• [INPUT FOR THIS TASK]:

lemma lincomb_Lmat_Kmat_eq_blocks5:
  fixes lam :: "'a::comm_ring_1"
  assumes "X \<in> carrier_mat n n" "Y \<in> carrier_mat n n"
  shows "a \<cdot>\<^sub>m Lmat n lam + b \<cdot>\<^sub>m Kmat n X Y + c \<cdot>\<^sub>m 1\<^sub>m (5*n) = blocks5 n (\<lambda>p q.
     if p = q then (a * lam + c) \<cdot>\<^sub>m 1\<^sub>m n
     else if q = p + 1 \<and> p < 3 then a \<cdot>\<^sub>m 1\<^sub>m n
     else if (p, q) = (0, 2) \<or> (p, q) = (1, 3) then b \<cdot>\<^sub>m X
     else if (p, q) = (0, 4) then b \<cdot>\<^sub>m Y
     else if (p, q) = (4, 3) then b \<cdot>\<^sub>m 1\<^sub>m n
     else 0\<^sub>m n n)" (is "?L = ?R")
proof (rule eq_blocks5I)
  fix p q r c' :: nat assume pq: "p < 5" "q < 5" "r < n" "c' < n"
  then have "p*n + r < 5*n" "q*n + c' < 5*n" by (auto intro: block_index_less)
  with pq assms show "?L $$ (p*n + r, q*n + c') = ?R $$ (p*n + r, q*n + c')"
    by (simp add: Jmat_def Kmat_def index_blocks5 block_index_eq_iff) (auto simp: algebra_simps)
qed auto

lemma mat_kernel_lincomb_Lmat_Kmat:
  fixes lam a b c :: "'a::field"
  assumes X: "X \<in> carrier_mat n n" and Y: "Y \<in> carrier_mat n n" and d: "a * lam + c \<noteq> 0"
  shows "mat_kernel (a \<cdot>\<^sub>m Lmat n lam + b \<cdot>\<^sub>m Kmat n X Y + c \<cdot>\<^sub>m 1\<^sub>m (5*n)) = {0\<^sub>v (5*n)}"
proof -
  let ?W = "a \<cdot>\<^sub>m Lmat n lam + b \<cdot>\<^sub>m Kmat n X Y + c \<cdot>\<^sub>m 1\<^sub>m (5*n)"
  have "v = 0\<^sub>v (5*n)" if v: "v \<in> carrier_vec (5*n)" and Wv: "?W *\<^sub>v v = 0\<^sub>v (5*n)" for v
  proof -
    define u where "u = vblock n v"
    have u: "u k \<in> carrier_vec n" for k unfolding u_def by simp
    have eq: "vblock n (?W *\<^sub>v v) p = 0\<^sub>v n" if "p < 5" for p using Wv that by simp
    note block_eq = lincomb_Lmat_Kmat_eq_blocks5[OF X Y] vblock_mult_blocks5[OF _ v] u_def[symmetric]
      smult_vec_eq_zero_iff
    \<comment> \<open>back substitution in the block order 3, 2, 4, 1, 0\<close>
    have u3: "u 3 = 0\<^sub>v n" using eq[of 3] X Y u d by (simp add: block_eq)
    have u2: "u 2 = 0\<^sub>v n" using eq[of 2] X Y u d u3 by (simp add: block_eq)
    have u4: "u 4 = 0\<^sub>v n" using eq[of 4] X Y u d u3 by (simp add: block_eq)
    have u1: "u 1 = 0\<^sub>v n" using eq[of 1] X Y u d u2 u3 by (simp add: block_eq)
    have u0: "u 0 = 0\<^sub>v n" using eq[of 0] X Y u d u1 u2 u4 by (simp add: block_eq)
    show ?thesis
      using u0 u1 u2 u3 u4 unfolding u_def by (intro vblocks_zero_imp_zero[OF v]) (auto elim!: less_5_cases)
  qed
  then show ?thesis unfolding mat_kernel_def by auto
qed

lemma M1_Lmat_eq: "M1 (Lmat n lam) = scalar_frame (5*n) 1 0 1
  (blocks5 n (\<lambda>p q. if p = q then lam \<cdot>\<^sub>m 1\<^sub>m n else if q = p + 1 \<and> p < 3 then 1\<^sub>m n else 0\<^sub>m n n))"
  by (simp add: M1_scalar_frame Lmat_eq_blocks5)

lemma M2_Kmat_eq:
  "M2 lam (Kmat n X Y) = scalar_frame (5*n) 0 1 lam (blocks5 n (\<lambda>p q.
      if (p,q) = (0,2) then X
      else if (p,q) = (0,4) then Y
      else if (p,q) = (1,3) then X
      else if (p,q) = (4,3) then 1\<^sub>m n
      else 0\<^sub>m n n))"
  by (simp add: M2_scalar_frame Kmat_def)

section \<open>Corner blocks of an intertwiner\<close>

text \<open>The \<open>n \<times> n\<close> block \<open>(p, q)\<close> of the last diagonal block (of size \<open>5n\<close>, starting at \<open>6m+6\<close>
  with \<open>m = 5n\<close>) of a matrix of size \<open>7m+6\<close>.\<close>

definition corner_block :: "nat \<Rightarrow> 'a mat \<Rightarrow> nat \<Rightarrow> nat \<Rightarrow> 'a mat" where
  "corner_block n T p q = mat n n (\<lambda>(r, c). T $$ (6*(5*n)+6 + (p*n + r), 6*(5*n)+6 + (q*n + c)))"

lemma corner_block_carrier [simp]: "corner_block n T p q \<in> carrier_mat n n"
  unfolding corner_block_def by simp

lemma dim_corner_block [simp]: "dim_row (corner_block n T p q) = n" "dim_col (corner_block n T p q) = n"
  unfolding corner_block_def by simp_all

lemma corner_block_one_mat: "p < 5 \<Longrightarrow> corner_block n (1\<^sub>m (7*(5*n)+6)) p p = (1\<^sub>m n :: 'a::semiring_1 mat)"
  using block_index_less[of p 5 _ n] by (intro eq_matI) (auto simp: corner_block_def)

lemma scalar_frame_blocks5_mult_corner_row:
  fixes f :: "nat \<Rightarrow> nat \<Rightarrow> 'a::comm_semiring_1 mat"
  assumes T: "T \<in> carrier_mat (7*(5*n)+6) (7*(5*n)+6)" and "p < 5" "r < n" "j < 7*(5*n)+6"
  shows "(scalar_frame (5*n) x y z (blocks5 n f) * T) $$ (6*(5*n)+6 + (p*n + r), j) =
    (\<Sum>k<5. \<Sum>l<n. f p k $$ (r, l) * T $$ (6*(5*n)+6 + (k*n + l), j))"
proof -
  have "(scalar_frame (5*n) x y z (blocks5 n f) * T) $$ (6*(5*n)+6 + (p*n + r), j) =
      (\<Sum>k < 5*n. blocks5 n f $$ (p*n + r, k) * T $$ (6*(5*n)+6 + k, j))"
    using assms block_index_less[of p 5 r n] by (intro scalar_frame_mult_corner_row) auto
  then show ?thesis using assms by (simp add: sum_lessThan_mult index_blocks5)
qed

lemma mult_scalar_frame_blocks5_corner_col:
  fixes f :: "nat \<Rightarrow> nat \<Rightarrow> 'a::comm_semiring_1 mat"
  assumes T: "T \<in> carrier_mat (7*(5*n)+6) (7*(5*n)+6)" and "q < 5" "c < n" "i < 7*(5*n)+6"
  shows "(T * scalar_frame (5*n) x y z (blocks5 n f)) $$ (i, 6*(5*n)+6 + (q*n + c)) =
    (\<Sum>k<5. \<Sum>l<n. T $$ (i, 6*(5*n)+6 + (k*n + l)) * f k q $$ (l, c))"
proof -
  have "(T * scalar_frame (5*n) x y z (blocks5 n f)) $$ (i, 6*(5*n)+6 + (q*n + c)) =
      (\<Sum>k < 5*n. T $$ (i, 6*(5*n)+6 + k) * blocks5 n f $$ (k, q*n + c))"
    using assms block_index_less[of q 5 c n] by (intro mult_scalar_frame_corner_col) auto
  then show ?thesis using assms by (simp add: sum_lessThan_mult index_blocks5)
qed

lemma corner_block_scalar_frame_mult:
  fixes f :: "nat \<Rightarrow> nat \<Rightarrow> 'a::comm_semiring_1 mat"
  assumes f: "\<And>p q. p < 5 \<Longrightarrow> q < 5 \<Longrightarrow> f p q \<in> carrier_mat n n"
    and T: "T \<in> carrier_mat (7*(5*n)+6) (7*(5*n)+6)" and pq: "p < 5" "q < 5"
  shows "corner_block n (scalar_frame (5*n) x y z (blocks5 n f) * T) p q =
    f p 0 * corner_block n T 0 q + f p 1 * corner_block n T 1 q + f p 2 * corner_block n T 2 q
    + f p 3 * corner_block n T 3 q + f p 4 * corner_block n T 4 q"
proof (rule eq_matI)
  fix r c assume rc: "r < dim_row (f p 0 * corner_block n T 0 q + f p 1 * corner_block n T 1 q
    + f p 2 * corner_block n T 2 q + f p 3 * corner_block n T 3 q + f p 4 * corner_block n T 4 q)"
    "c < dim_col (f p 0 * corner_block n T 0 q + f p 1 * corner_block n T 1 q
    + f p 2 * corner_block n T 2 q + f p 3 * corner_block n T 3 q + f p 4 * corner_block n T 4 q)"
  have dims: "dim_row (f p k) = n" "dim_col (f p k) = n" if "k < 5" for k
    using f[OF pq(1) that] by auto
  from rc have r: "r < n" and c: "c < n" using dims[of 4] by simp_all
  have "corner_block n (scalar_frame (5*n) x y z (blocks5 n f) * T) p q $$ (r, c) =
      (scalar_frame (5*n) x y z (blocks5 n f) * T) $$ (6*(5*n)+6 + (p*n + r), 6*(5*n)+6 + (q*n + c))"
    using r c by (simp add: corner_block_def)
  also have "\<dots> = (\<Sum>k<5. \<Sum>l<n. f p k $$ (r, l) * T $$ (6*(5*n)+6 + (k*n + l), 6*(5*n)+6 + (q*n + c)))"
    by (rule scalar_frame_blocks5_mult_corner_row) (use T pq r block_index_less[OF pq(2) c] in auto)
  also have "\<dots> = (\<Sum>k<5. \<Sum>l<n. f p k $$ (r, l) * corner_block n T k q $$ (l, c))"
    using r c by (simp add: corner_block_def)
  also have "\<dots> = (\<Sum>k<5. (f p k * corner_block n T k q) $$ (r, c))"
    using r c f[OF pq(1)] by (intro sum.cong refl index_mult_sum[symmetric]) auto
  finally show "corner_block n (scalar_frame (5*n) x y z (blocks5 n f) * T) p q $$ (r, c) =
    (f p 0 * corner_block n T 0 q + f p 1 * corner_block n T 1 q + f p 2 * corner_block n T 2 q
    + f p 3 * corner_block n T 3 q + f p 4 * corner_block n T 4 q) $$ (r, c)"
    using r c dims by (simp add: sum_lessThan_5)
qed (use f[OF pq(1), of 4] in auto)

lemma corner_block_mult_scalar_frame:
  fixes f :: "nat \<Rightarrow> nat \<Rightarrow> 'a::comm_semiring_1 mat"
  assumes f: "\<And>p q. p < 5 \<Longrightarrow> q < 5 \<Longrightarrow> f p q \<in> carrier_mat n n"
    and T: "T \<in> carrier_mat (7*(5*n)+6) (7*(5*n)+6)" and pq: "p < 5" "q < 5"
  shows "corner_block n (T * scalar_frame (5*n) x y z (blocks5 n f)) p q =
    corner_block n T p 0 * f 0 q + corner_block n T p 1 * f 1 q + corner_block n T p 2 * f 2 q
    + corner_block n T p 3 * f 3 q + corner_block n T p 4 * f 4 q"
proof (rule eq_matI)
  fix r c assume rc: "r < dim_row (corner_block n T p 0 * f 0 q + corner_block n T p 1 * f 1 q
    + corner_block n T p 2 * f 2 q + corner_block n T p 3 * f 3 q + corner_block n T p 4 * f 4 q)"
    "c < dim_col (corner_block n T p 0 * f 0 q + corner_block n T p 1 * f 1 q
    + corner_block n T p 2 * f 2 q + corner_block n T p 3 * f 3 q + corner_block n T p 4 * f 4 q)"
  have dims: "dim_row (f k q) = n" "dim_col (f k q) = n" if "k < 5" for k
    using f[OF that pq(2)] by auto
  from rc have r: "r < n" and c: "c < n" using dims[of 4] by simp_all
  have "corner_block n (T * scalar_frame (5*n) x y z (blocks5 n f)) p q $$ (r, c) =
      (T * scalar_frame (5*n) x y z (blocks5 n f)) $$ (6*(5*n)+6 + (p*n + r), 6*(5*n)+6 + (q*n + c))"
    using r c by (simp add: corner_block_def)
  also have "\<dots> = (\<Sum>k<5. \<Sum>l<n. T $$ (6*(5*n)+6 + (p*n + r), 6*(5*n)+6 + (k*n + l)) * f k q $$ (l, c))"
    by (rule mult_scalar_frame_blocks5_corner_col) (use T pq c block_index_less[OF pq(1) r] in auto)
  also have "\<dots> = (\<Sum>k<5. \<Sum>l<n. corner_block n T p k $$ (r, l) * f k q $$ (l, c))"
    using r c by (simp add: corner_block_def)
  also have "\<dots> = (\<Sum>k<5. (corner_block n T p k * f k q) $$ (r, c))"
    using r c f[OF _ pq(2)] by (intro sum.cong refl index_mult_sum[symmetric]) auto
  finally show "corner_block n (T * scalar_frame (5*n) x y z (blocks5 n f)) p q $$ (r, c) =
    (corner_block n T p 0 * f 0 q + corner_block n T p 1 * f 1 q + corner_block n T p 2 * f 2 q
    + corner_block n T p 3 * f 3 q + corner_block n T p 4 * f 4 q) $$ (r, c)"
    using r c dims by (simp add: sum_lessThan_5)
qed (use f[OF _ pq(2), of 4] in auto)

lemma corner_block_mult_diag:
  fixes S S' :: "'a::comm_semiring_1 mat"
  assumes S: "S \<in> carrier_mat (7*(5*n)+6) (7*(5*n)+6)" and S': "S' \<in> carrier_mat (7*(5*n)+6) (7*(5*n)+6)"
    and p: "p < 5"
    and supp: "\<And>r j. r < n \<Longrightarrow> j < 7*(5*n)+6 \<Longrightarrow> j < 6*(5*n)+6 + p*n \<or> 6*(5*n)+6 + p*n + n \<le> j \<Longrightarrow>
      S $$ (6*(5*n)+6 + (p*n + r), j) = 0"
  shows "corner_block n (S * S') p p = corner_block n S p p * corner_block n S' p p"
proof (rule eq_matI)
  fix r c assume "r < dim_row (corner_block n S p p * corner_block n S' p p)"
    "c < dim_col (corner_block n S p p * corner_block n S' p p)"
  then have r: "r < n" and c: "c < n" by simp_all
  define a where "a = 6*(5*n)+6 + p*n"
  define b where "b = 7*(5*n)+6 - (a + n)"
  have N: "7*(5*n)+6 = a + (n + b)"
    using block_index_less[of p 5 "n - 1" n] p r unfolding a_def b_def by simp
  have supp_r: "S $$ (a + r, j) = 0" if "j < a \<or> a + n \<le> j" "j < 7*(5*n)+6" for j
    using supp[OF r that(2)] that(1) unfolding a_def by (simp add: add.assoc)
  let ?g = "\<lambda>k. S $$ (a + r, k) * S' $$ (k, a + c)"
  have "corner_block n (S * S') p p $$ (r, c) = (S * S') $$ (a + r, a + c)"
    using r c by (simp add: corner_block_def a_def add.assoc)
  also have "\<dots> = (\<Sum>k < 7*(5*n)+6. ?g k)"
    by (rule index_mult_sum[OF S S']) (use N r c in auto)
  also have "\<dots> = (\<Sum>k<a. ?g k) + (\<Sum>k<n. ?g (a + k)) + (\<Sum>k<b. ?g (a + (n + k)))"
    unfolding N sum_lessThan_add by (simp add: add.assoc)
  also have "(\<Sum>k<a. ?g k) = 0" using supp_r N by (intro sum.neutral) auto
  also have "(\<Sum>k<b. ?g (a + (n + k))) = 0" using supp_r N by (intro sum.neutral) auto
  also have "(\<Sum>k<n. ?g (a + k)) = (\<Sum>k<n. corner_block n S p p $$ (r, k) * corner_block n S' p p $$ (k, c))"
    using r c unfolding a_def by (intro sum.cong) (auto simp: corner_block_def add.assoc)
  also have "\<dots> = (corner_block n S p p * corner_block n S' p p) $$ (r, c)"
    by (rule index_mult_sum[symmetric]) (use r c in auto)
  finally show "corner_block n (S * S') p p $$ (r, c) = (corner_block n S p p * corner_block n S' p p) $$ (r, c)"
    by simp
qed auto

• [EXERCISE AIM]:
One number is all the reply should hold: how many lines in these records include the word "assoc".

• [YOUR SOLUTION]:
4